Nicky Andrews | The Phoenix

Over the past two days, Loyola’s campus has been rained on with blustering winds and new cold temperatures. 

Chicago’s hazardous weather Oct. 25 came with temperatures at about 45 degrees Fahrenheit, winds up to 40 mph and a Lakeshore flood advisory, according to the National Weather Service (NWS).

The lakeshore flood advisory was in effect until 5 p.m. This advisory warned of large waves up to 12 feet, waves of this magnitude can result in shoreline erosion, lakeshore flooding and dangerous conditions near the lakefront, according to NWS

About 2.26 inches of rain fell over a 24-hour period near Chicago O’Hare International airport, according to NWS.

Some buildings at Loyola have been experiencing leaks due to the consistent heavy rains, coupled with the extreme winds, according to Senior Associate Vice President for Facilities Kana Henning. 

“We are aware of many reports of water leaks on campus this morning as a result of the wind-driven rains,” Henning said in an email to The Phoenix. “We experienced leaks along eastern elevations of our buildings, especially those closest to the lake, through doors and windows and in other locations through roof leaks.”

Henning said Loyola maintenance and housekeeping teams have been attending to the leaks, cleaning up and making repairs as quickly as they can, but it will take some time.

Sasha Adkins, a professor at the school of environmental sustainability, said warmer weather in the Chicagoland area means more precipitation as warm air holds more moisture.

“We are going to see increases in flooding quite likely and that’s certainly an issue for the Lake Shore Campus,” Adkins said. 

Adkins said the university should work to foster more green spaces, more rain gardens and more permeable pavement so that water can infiltrate into the earth instead of runoff.
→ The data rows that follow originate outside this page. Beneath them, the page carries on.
text \<open>
  Write \<open>n + 1 = DIM('a)\<close>. The hyperplanes of revolution \<open>H\<^sub>1, H\<^sub>2\<close> have dimension \<open>n - 1\<close>,
  so for \<open>n \<ge> 4\<close> they share a vector \<open>x \<noteq> 0\<close>. Let \<open>v\<close> span the axis \<open>L\<^sub>1 \<subseteq> H\<^sub>2\<close>. On the
  hyperplane of revolution \<open>H\<^sub>2\<close> the body \<open>B\<close> is a linear image of a Euclidean ball, so the
  section of \<open>K\<^sub>1\<close> by the plane spanned by \<open>v\<close> and \<open>x\<close> is an ellipse:
  \<open>t v + s x \<in> K\<^sub>1 \<longleftrightarrow> \<parallel>t a + s b\<parallel> \<le> r\<close>. This plane contains the axis of \<open>K\<^sub>1\<close>, so the
  ellipse is symmetric under \<open>s \<mapsto> -s\<close>, whence \<open>\<parallel>a + b\<parallel> = \<parallel>a - b\<parallel>\<close> and \<open>a \<perp> b\<close>. A body of
  revolution is determined by this meridian section, and revolving an ellipse about one of
  its axes gives an ellipsoid.
\<close>

lemma sym_convex_body_ball_subset:
  assumes "sym_convex_body V K"
  obtains \<epsilon> where "\<epsilon> > 0" "ball 0 \<epsilon> \<inter> V \<subseteq> K"
proof -
  obtain x \<epsilon> where V: "subspace V" and "x \<in> V" "\<epsilon> > 0" and ball: "ball x \<epsilon> \<inter> V \<subseteq> K"
    and K: "convex K" "\<forall>y\<in>K. - y \<in> K"
    using assms unfolding sym_convex_body_def by blast
  have "y \<in> K" if y: "y \<in> ball 0 \<epsilon> \<inter> V" for y
  proof -
    have "x + y \<in> K" "x - y \<in> K"
      using y ball \<open>x \<in> V\<close> V by (auto simp: dist_norm subspace_add subspace_diff)
    moreover have "y - x = - (x - y)"
      by simp
    ultimately have "(1/2) *\<^sub>R (x + y) + (1/2) *\<^sub>R (y - x) \<in> K"
      using K by (intro convexD) auto
    then show ?thesis
      by (simp flip: scaleR_add_right)
  qed
  then show thesis
    using that \<open>\<epsilon> > 0\<close> by blast
qed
Although they made these suggestions, Adkins said the university has a greater ability to protect itself from changing weather conditions compared to other communities with less resources. 

“It’s part of our Jesuit values that we are people for others,” Adkins said. “[I’m] thinking about how our resources, our time, our energy, can be put into shoring up defense for all, particularly the marginalized and not just us.”